Even if the principle of the civil equality was relatively accepted, its implementation caused certain reserves, of which the most virulent representative was a member of the house of Lords, Montlosier, who feared that the freed should request more that simple civil equality by demanding economic and social integration, equality in public employment, admission to the same ceremonies as white persons, and finally, persisted Montlosier, the qualification of Mister ! But especially, he affirmed, they would want these advantages, not as a concession of the white persons since they would regard them as acquired rights, but ‘‘as a victory gained over the whites’’22.

As regards the access to political rights of the freed, certain projects proposed two conditions in 1831 - a ten year delay and the need to know how to read and write - against which Rigny, Minister for the Navy, was opposed. He requested political equality for all free men of color, according to the legal conditions, as the quota, revalued by the colonies, offered, according to him, sufficient guarantees because it implied that the freed were either industrialists or landowners.

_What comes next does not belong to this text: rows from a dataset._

lemma rhs_sum_transpose_adjacent:
  assumes k: "Suc k < n" and v: "inj_on v {..<n}" and uv: "\<forall>i<n. \<forall>j<n. u i \<noteq> t * v j"
  shows "rhs_sum n t (u \<circ> transpose k (Suc k)) v = rhs_sum n t u v"
proof -
  let ?s = "transpose k (Suc k)" and ?P = "{\<tau>. \<tau> permutes {..<n}}"
  have s: "?s permutes {..<n}"
    using k by (intro permutes_swap_id) auto
  \<comment> \<open>Reindexing by \<open>\<tau> \<mapsto> \<tau> \<circ> s\<close> doubles the sum into one over the symmetrized summands.\<close>
  have double: "2 * rhs_sum n t u' v = (\<Sum>\<tau>\<in>?P. rhs_summand n t u' (v \<circ> \<tau>) + rhs_summand n t u' (v \<circ> \<tau> \<circ> ?s))"
    for u'
    using sum_permutations_compose_right[OF s, of "\<lambda>\<tau>. rhs_summand n t u' (v \<circ> \<tau>)"]
    by (simp add: rhs_sum_def sum.distrib comp_assoc)
  have "rhs_summand n t (u \<circ> ?s) (v \<circ> \<tau>) + rhs_summand n t (u \<circ> ?s) (v \<circ> \<tau> \<circ> ?s)
      = rhs_summand n t u (v \<circ> \<tau>) + rhs_summand n t u (v \<circ> \<tau> \<circ> ?s)" if \<tau>: "\<tau> \<in> ?P" for \<tau>
  proof (rule rhs_summand_symmetrized_transpose[OF k])
    have \<tau>: "\<tau> permutes {..<n}"
      using \<tau> by simp
    have "\<tau> k \<noteq> \<tau> (Suc k)"
      using permutes_inj[OF \<tau>] by (metis injD n_not_Suc_n)
    moreover have "\<tau> k \<in> {..<n}" "\<tau> (Suc k) \<in> {..<n}"
      using k permutes_in_image[OF \<tau>] by auto
    ultimately show "(v \<circ> \<tau>) k \<noteq> (v \<circ> \<tau>) (Suc k)"
      using v by (auto dest: inj_onD)
    show "\<forall>i<n. \<forall>j<n. u i \<noteq> t * (v \<circ> \<tau>) j"
      using uv permutes_in_image[OF \<tau>] by auto
  qed
  then have "2 * rhs_sum n t (u \<circ> ?s) v = 2 * rhs_sum n t u v"
    unfolding double by (rule sum.cong[OF refl])
  then show ?thesis by simp
qed

lemma rhs_sum_permute:
  assumes "\<sigma> permutes {..<n}" "inj_on v {..<n}" "\<forall>i<n. \<forall>j<n. u i \<noteq> t * v j"
  shows "rhs_sum n t (u \<circ> \<sigma>) v = rhs_sum n t u v"
proof (rule invariant_under_permutes_if_adjacent[where Q = "\<lambda>u. \<forall>i<n. \<forall>j<n. u i \<noteq> t * v j", OF _ _ assms(1,3)])
  show "rhs_sum n t (u' \<circ> transpose k (Suc k)) v = rhs_sum n t u' v"
    if "\<forall>i<n. \<forall>j<n. u' i \<noteq> t * v j" "Suc k < n" for u' k
    using that assms(2) by (intro rhs_sum_transpose_adjacent)
  show "\<forall>i<n. \<forall>j<n. (u' \<circ> \<sigma>') i \<noteq> t * v j"
    if "\<forall>i<n. \<forall>j<n. u' i \<noteq> t * v j" "\<sigma>' permutes {..<n}" for u' \<sigma>'
    using that by (auto dest: permutes_in_image)
qed

lemma lhs_summand_eq_hl_prod_mult: "lhs_summand n t u w = hl_prod n t u * rhs_summand n t u w"
  unfolding lhs_summand_def rhs_summand_def hl_prod_def by (simp only: prod.distrib ac_simps)

theorem lemma3p8:
  fixes n :: nat and t :: complex and u v :: "nat \<Rightarrow> complex"
  assumes "inj_on u {..<n}" and "inj_on v {..<n}"
    and "\<And>i j. i < n \<Longrightarrow> j < n \<Longrightarrow> u i \<noteq> t * v j"
    and "t \<noteq> 1"
  shows "(\<Sum>\<sigma>\<in>{\<sigma>. \<sigma> permutes {..<n}}. \<Sum>\<tau>\<in>{\<tau>. \<tau> permutes {..<n}}.
            lhs_summand n t (u \<circ> \<sigma>) (v \<circ> \<tau>))
       = qpoch t n / (1 - t) ^ n *
         (\<Sum>\<tau>\<in>{\<tau>. \<tau> permutes {..<n}}. rhs_summand n t u (v \<circ> \<tau>))"
proof -
  let ?P = "{\<sigma>. \<sigma> permutes {..<n}}"
  have uv: "\<forall>i<n. \<forall>j<n. u i \<noteq> t * v j"
    using assms(3) by blast
  have "(\<Sum>\<sigma>\<in>?P. \<Sum>\<tau>\<in>?P. lhs_summand n t (u \<circ> \<sigma>) (v \<circ> \<tau>))
      = (\<Sum>\<sigma>\<in>?P. hl_prod n t (u \<circ> \<sigma>) * rhs_sum n t (u \<circ> \<sigma>) v)"
    by (simp add: lhs_summand_eq_hl_prod_mult rhs_sum_def sum_distrib_left)
  also have "\<dots> = (\<Sum>\<sigma>\<in>?P. hl_prod n t (u \<circ> \<sigma>)) * rhs_sum n t u v"
    using rhs_sum_permute[OF _ assms(2) uv] by (simp add: sum_distrib_right)
  also have "\<dots> = qpoch t n / (1 - t) ^ n * rhs_sum n t u v"
    unfolding sum_permutes_hl_prod[OF assms(1)] prod_sum_powers_eq_qpoch[OF assms(4)] ..
  finally show ?thesis
    unfolding rhs_sum_def .
qed
definition Fmat :: "(nat \<Rightarrow> nat) set \<Rightarrow> ((nat \<Rightarrow> nat) \<Rightarrow> real)
      \<Rightarrow> ((nat \<Rightarrow> nat) \<Rightarrow> 'a \<Rightarrow> real) \<Rightarrow> ((nat \<Rightarrow> nat) \<Rightarrow> 'b \<Rightarrow> real)
      \<Rightarrow> 'a \<Rightarrow> 'b \<Rightarrow> real" where
  "Fmat C \<pi> GX GY i k = (\<Sum>x\<in>C. \<Sum>y\<in>C. GX x i * Omega \<pi> x y * GY y k)"

definition inv_on :: "'a set \<Rightarrow> ('a \<Rightarrow> 'a \<Rightarrow> real) \<Rightarrow> 'a \<Rightarrow> 'a \<Rightarrow> real" where
  "inv_on S A = (SOME B. \<forall>i\<in>S. \<forall>k\<in>S.
       (\<Sum>j\<in>S. A i j * B j k) = (if i = k then 1 else 0) \<and>
       (\<Sum>j\<in>S. B i j * A j k) = (if i = k then 1 else 0))"

definition det_on :: "'a set \<Rightarrow> ('a \<Rightarrow> 'a \<Rightarrow> real) \<Rightarrow> real" where
  "det_on S A = (\<Sum>p\<in>{p. p permutes S}. of_int (sign p) * (\<Prod>i\<in>S. A i (p i)))"

definition nonsingular_on :: "'a set \<Rightarrow> ('a \<Rightarrow> 'a \<Rightarrow> real) \<Rightarrow> bool" where
  "nonsingular_on S A \<longleftrightarrow> det_on S A \<noteq> 0"

definition Pne :: "'a set \<Rightarrow> 'a set set" where
  "Pne A = {B. B \<subseteq> A \<and> B \<noteq> {}}"

definition maximal_sets :: "'a set set \<Rightarrow> 'a set set" where
  "maximal_sets V = {m \<in> V. \<not> (\<exists>m'\<in>V. m \<subset> m')}"

definition Kt :: "'a set set \<Rightarrow> 'a set \<Rightarrow> 'a set set" where
  "Kt K t = {m \<in> K. t \<subseteq> m}"

definition Kth :: "'a set set \<Rightarrow> 'a set \<Rightarrow> 'a set \<Rightarrow> 'a set set set" where
  "Kth K t h = {G. G \<noteq> {} \<and> G \<subseteq> Kt K t \<and> h \<inter> \<Inter>G = {}}"

definition Kbar :: "'a set set \<Rightarrow> 'a set \<Rightarrow> 'a set \<Rightarrow> 'a set set set" where
  "Kbar K t h = Pne K - Kth K t h"

(* H (given by t \<mapsto> t \<union> h t with categories jh t on h t) is a valid
   replacement for I, with respect to R and the maximal sets of I \<union> R. *)
definition valid_replacement ::
  "(nat \<Rightarrow> nat) \<Rightarrow> nat set \<Rightarrow> nat set set \<Rightarrow> nat set set
     \<Rightarrow> (nat set \<Rightarrow> nat set) \<Rightarrow> (nat set \<Rightarrow> nat \<Rightarrow> nat) \<Rightarrow> bool" where
  "valid_replacement r M I R h jh \<longleftrightarrow>
     (let K = maximal_sets (I \<union> R) in
       \<comment> \<open>(i)\<close>
       inj_on (\<lambda>t. t \<union> h t) I \<and>
       (\<forall>t\<in>I. h t \<subseteq> M \<and> t \<inter> h t = {} \<and>
              (\<forall>j\<in>h t. 1 \<le> jh t j \<and> jh t j \<le> r j) \<and>
              (\<forall>j. j \<notin> h t \<longrightarrow> jh t j = 0)) \<and>
       \<comment> \<open>(ii)\<close>
       (\<forall>t\<in>I. (\<Sum>G\<in>Kth K t (h t). (-1::int) ^ card G) \<noteq> 0) \<and>
       \<comment> \<open>(iii)\<close>
       (\<exists>ord. ord \<subseteq> I \<times> I \<and> strict_linear_order_on I ord \<and>
          (\<forall>s\<in>I. \<forall>t\<in>I. s \<subset> t \<longrightarrow> (s, t) \<in> ord) \<and>
          (\<forall>t\<in>I. \<forall>G\<in>Kbar K t (h t).
             let s = (\<Inter>G) \<inter> (t \<union> h t) in s \<in> R \<or> (s \<in> I \<and> (s, t) \<in> ord))))"

end

theory Submission
  imports Defs "Jordan_Normal_Form.Determinant"
begin
lemma sint_Ecomb_copies:
  assumes "inj g"
  shows "map g ps \<in> sint (Ecomb (copies g D Y)) q \<longleftrightarrow>
    (\<exists>d\<in>D. (\<forall>r\<in>set ps. fst r = d) \<and>
       (case q of None \<Rightarrow> length ps = 2 \<and> set (map snd ps) \<subseteq> sdom (Y d)
                | Some p \<Rightarrow> map snd ps \<in> sint (Y d) p))"
proof (cases q)
  case None
  have dom: "g r \<in> sdom (copy g d (Y d)) \<longleftrightarrow> fst r = d \<and> snd r \<in> sdom (Y d)" for r d
    using assms by (cases r) (auto simp: copy_def inj_eq)
  have "map g ps \<in> sint (Ecomb (copies g D Y)) None \<longleftrightarrow>
      (\<exists>r1 r2. ps = [r1, r2] \<and> (\<exists>d\<in>D. g r1 \<in> sdom (copy g d (Y d)) \<and> g r2 \<in> sdom (copy g d (Y d))))"
    by (auto simp: Ecomb_def copies_def map_eq_Cons_conv)
  also have "\<dots> \<longleftrightarrow> (\<exists>d\<in>D. (\<forall>r\<in>set ps. fst r = d) \<and> length ps = 2 \<and> set (map snd ps) \<subseteq> sdom (Y d))"
    unfolding dom by (auto simp: numeral_2_eq_2 length_Suc_conv)
  finally show ?thesis
    using None by simp
next
  case (Some p)
  then show ?thesis
    by (auto simp: Ecomb_def copies_def copy_def image_iff map_inj_Pair_eq[OF assms])
qed

lemma is_struct_Ecomb:
  assumes "\<And>A. A \<in> \<A> \<Longrightarrow> is_struct ar \<Sigma> A" and "\<A> \<noteq> {}"
  shows "is_struct (arE ar) (SigE \<Sigma>) (Ecomb \<A>)"
  unfolding is_struct_def
proof (intro conjI ballI)
  show "sdom (Ecomb \<A>) \<noteq> {}"
    using assms by (force simp: Ecomb_def is_struct_def)
  fix q assume "q \<in> SigE \<Sigma>"
  then show "sint (Ecomb \<A>) q \<subseteq> {xs. length xs = arE ar q \<and> set xs \<subseteq> sdom (Ecomb \<A>)}"
    using assms(1) by (fastforce simp: SigE_def arE_def Ecomb_def is_struct_def)
qed

lemma pairwise_disjoint_copies:
  assumes "inj g"
  shows "pairwise (\<lambda>A B. sdom A \<inter> sdom B = {}) (copies g D Y)"
  using assms by (fastforce simp: pairwise_def copies_def copy_def inj_eq)

lemma models_Ecomb_copies_reindex:
  assumes g: "inj g" and \<sigma>: "bij_betw \<sigma> D1 D2" and U: "\<And>d. sdom (Y d) = U"
    and agree: "\<And>d p. d \<in> D1 \<Longrightarrow> p \<in> P \<Longrightarrow> sint (Y (\<sigma> d)) p = sint (Y d) p"
    and wf: "wf_fm ar' (insert None (Some ` P)) \<phi>"
  shows "models (Ecomb (copies g D2 Y)) \<phi> \<longleftrightarrow> models (Ecomb (copies g D1 Y)) \<phi>"
proof -
  let ?\<tau> = "map_prod \<sigma> id"
  let ?h = "\<lambda>y. g (?\<tau> (inv g y))"
  have h: "?h (g r) = g (?\<tau> r)" for r
    using g by simp
  have dom: "sdom (Ecomb (copies g D Y)) = g ` (D \<times> U)" for D
    unfolding sdom_Ecomb_copies U by auto
  have inj\<sigma>: "inj_on \<sigma> D1" and img\<sigma>: "\<sigma> ` D1 = D2"
    using \<sigma> by (auto simp: bij_betw_def)
  have \<tau>_img: "?\<tau> ` (D1 \<times> U) = D2 \<times> U"
    using img\<sigma> by (force simp: map_prod_def)
  show ?thesis
  proof (rule models_iso[OF _ _ _ wf])
    have "inj_on (g \<circ> ?\<tau>) (D1 \<times> U)"
      using g inj\<sigma> by (intro comp_inj_on map_prod_inj_on) (auto intro: inj_on_subset)
    then show "inj_on ?h (sdom (Ecomb (copies g D1 Y)))"
      unfolding dom by (intro inj_on_imageI) (simp add: comp_def h)
    show "?h ` sdom (Ecomb (copies g D1 Y)) = sdom (Ecomb (copies g D2 Y))"
      unfolding dom image_image h by (simp flip: \<tau>_img add: image_image)
    fix q xs assume q: "q \<in> insert None (Some ` P)"
      and "set xs \<subseteq> sdom (Ecomb (copies g D1 Y))"
    then have "xs \<in> map g ` lists (D1 \<times> U)"
      unfolding dom lists_image[symmetric] by (simp add: in_lists_conv_set subset_iff)
    then obtain ps where ps: "set ps \<subseteq> D1 \<times> U" "xs = map g ps"
      by (auto simp: in_lists_conv_set)
    let ?R = "\<lambda>d. case q of None \<Rightarrow> length ps = 2 \<and> set (map snd ps) \<subseteq> sdom (Y d)
                    | Some p \<Rightarrow> map snd ps \<in> sint (Y d) p"
    have R: "?R (\<sigma> d) \<longleftrightarrow> ?R d" if "d \<in> D1" for d
      using q agree[OF that] by (auto simp: U split: option.split)
    have fst: "(\<forall>r\<in>set ps. \<sigma> (fst r) = \<sigma> d) \<longleftrightarrow> (\<forall>r\<in>set ps. fst r = d)" if "d \<in> D1" for d
    proof -
      have "\<sigma> (fst r) = \<sigma> d \<longleftrightarrow> fst r = d" if "r \<in> set ps" for r
        using that ps(1) \<open>d \<in> D1\<close> by (intro inj_on_eq_iff[OF inj\<sigma>]) auto
      then show ?thesis
        by blast
    qed
    have snd_\<tau>: "map snd (map ?\<tau> ps) = map snd ps"
      by (induct ps) auto
    have "map ?h xs = map g (map ?\<tau> ps)"
      unfolding ps(2) by (simp add: h)
    moreover have "map g (map ?\<tau> ps) \<in> sint (Ecomb (copies g D2 Y)) q \<longleftrightarrow>
        (\<exists>d\<in>\<sigma> ` D1. (\<forall>r\<in>set ps. \<sigma> (fst r) = d) \<and> ?R d)"
      unfolding sint_Ecomb_copies[OF g] img\<sigma> snd_\<tau> length_map by (simp add: comp_def)
    ultimately have "map ?h xs \<in> sint (Ecomb (copies g D2 Y)) q \<longleftrightarrow>
        (\<exists>d\<in>\<sigma> ` D1. (\<forall>r\<in>set ps. \<sigma> (fst r) = d) \<and> ?R d)"
      by (simp only:)
    also have "\<dots> \<longleftrightarrow> (\<exists>d\<in>D1. (\<forall>r\<in>set ps. fst r = d) \<and> ?R d)"
      using R fst by auto
    also have "\<dots> \<longleftrightarrow> xs \<in> sint (Ecomb (copies g D1 Y)) q"
      unfolding ps(2) sint_Ecomb_copies[OF g] ..
    finally show "map ?h xs \<in> sint (Ecomb (copies g D2 Y)) q \<longleftrightarrow> xs \<in> sint (Ecomb (copies g D1 Y)) q" .
  qed
qed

Political equality consecrated by the law of April 24, 1833 was of all the more significant as this law, in the four old colonies, established the Colonial Councils that from then on were elected. However, this 1833 law did not call status of the natives into question : it did not grant political rights to people controlled by a personal statute. Moreover, because of the qualified voting, political rights only consisted in fact in making men of color, whose very great majority did not have economic power, as Schœlcher underlines it, ‘‘suited for the service of the militia’’23.

Thus, even if the monarchy of July made some progress towards legal equality, it did not pursue the matter from an economic and social point of view, as the only measures of this kind affected the slaves, in particular by the organization of the repurchase and savings by the Mackau law of July 18th, 184524. Moreover, the law of 1833 did not remove explicitly segregationist habits. For example, before the law of 1833, certain places (walks, public places, theatres) were forbidden to colored persons by signs, as Schœlcher illustrated, ‘‘with this inscription of a wretched coarseness : Entrance forbidden to dogs, Negroes and mulattos’’25. After the law, private clubs appeared. The only places that remained public were those that the governor could not decently declare private such as the walks or the theatre !

Although equality of rights is not sufficient, it is however a necessary precondition to economic and social integration and to suppression of the prejudice of color. The provisional government of the 2nd Republic tried to work in this direction under the determining impulse of Schœlcher.


The Second Republic : legal assimilation not translated into economic and social integration
The 2nd Republic intended to be assimilationnist : it regarded the colonies as integral parts of the territory. However, the Constitution (article 109) refused to put the colonies in the same category as the French departments and placed them under the mode of the legislative specialty, in spite of various amendments suggested by Schœlcher, accompanied by Pory-Papy and Charles Dain26.

On March 4th, 1848, direct vote for all was proclaimed. The decree of March 5, 1848 specified the conditions for the electorate and planned for 900 representatives, Algeria and the colonies included. The electoral assemblies were summoned on April 9th, 1848. The colonies were not represented because the instruction of the 8th of March, 1848, declared that the National Assembly was to determine the mode of representation of the colonies. In May 1848, Martinique, the Guadeloupe and La Reunion each obtained three representatives, Guyana, Senegal and the establishments of India, one. The Constitution of 1848 consecrated parliamentary representation of the colonies, but the electoral law of March 15th, 1849, decreased the number of the colonies’ representatives. Thus, Algeria had three representatives ; Martinique, the Guadeloupe and La Reunion each had two ; Guyana and Senegal one27.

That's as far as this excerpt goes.